**Problem to solve:**
Set down exactly the first line of the entries and every line after it, through the line with "using inv_less_irrefl by blast".

**Exercise data:**
lemma perm_of_inv_set_in_range:
  assumes i: "i \<in> {1..n}"
  shows "perm_of_inv_set n T i \<in> {1..n}"
proof -
  have "{j \<in> {1..n}. inv_less T j i} \<subseteq> {1..n} - {i}"
    using inv_less_irrefl by blast
  then have "card {j \<in> {1..n}. inv_less T j i} \<le> card ({1..n} - {i})"
    by (intro card_mono) simp_all
  also have "\<dots> < n" using i by simp
  finally have "Suc (card {j \<in> {1..n}. inv_less T j i}) \<le> n"
    by simp
  then show ?thesis using i by (simp add: perm_of_inv_set_def)
qed

lemma perm_of_inv_set_perms:
  assumes T: "biclosed n T"
  shows "perm_of_inv_set n T \<in> perms n"
proof -
  have inj: "inj_on (perm_of_inv_set n T) {1..n}"
    by (rule inj_onI) (metis inv_less_total perm_of_inv_set_less[OF T] less_irrefl)
  moreover have "perm_of_inv_set n T ` {1..n} \<subseteq> {1..n}"
    using perm_of_inv_set_in_range by blast
  ultimately have "perm_of_inv_set n T ` {1..n} = {1..n}"
    by (intro endo_inj_surj) simp_all
  with inj have "perm_of_inv_set n T permutes {1..n}"
    by (intro bij_imp_permutes) (auto simp: bij_betw_def perm_of_inv_set_def)
  then show ?thesis by (simp add: perms_def)
qed

lemma inv_set_perm_of_inv_set:
  assumes T: "biclosed n T"
  shows "inv_set n (perm_of_inv_set n T) = T"
proof (intro set_eqI iffI)
  fix x assume "x \<in> inv_set n (perm_of_inv_set n T)"
  then obtain i j where "x = (i, j)" "1 \<le> i" "i < j" "j \<le> n"
    "perm_of_inv_set n T j < perm_of_inv_set n T i"
    by (auto simp: inv_set_def)
  then show "x \<in> T"
    using perm_of_inv_set_less[OF T, of i j] by (auto simp: inv_less_def)
next
  fix x assume x: "x \<in> T"
  then obtain i j where ij: "x = (i, j)" "1 \<le> i" "i < j" "j \<le> n"
    using T by (auto simp: biclosed_def upper_pairs_def)
  with x have "perm_of_inv_set n T j < perm_of_inv_set n T i"
    using perm_of_inv_set_less[OF T, of j i] by (simp add: inv_less_def)
  with ij show "x \<in> inv_set n (perm_of_inv_set n T)"
    by (simp add: inv_set_def)
qed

**Answer space:**
lemma perm_of_inv_set_in_range:
  assumes i: "i \<in> {1..n}"
  shows "perm_of_inv_set n T i \<in> {1..n}"
proof -
  have "{j \<in> {1..n}. inv_less T j i} \<subseteq> {1..n} - {i}"
    using inv_less_irrefl by blast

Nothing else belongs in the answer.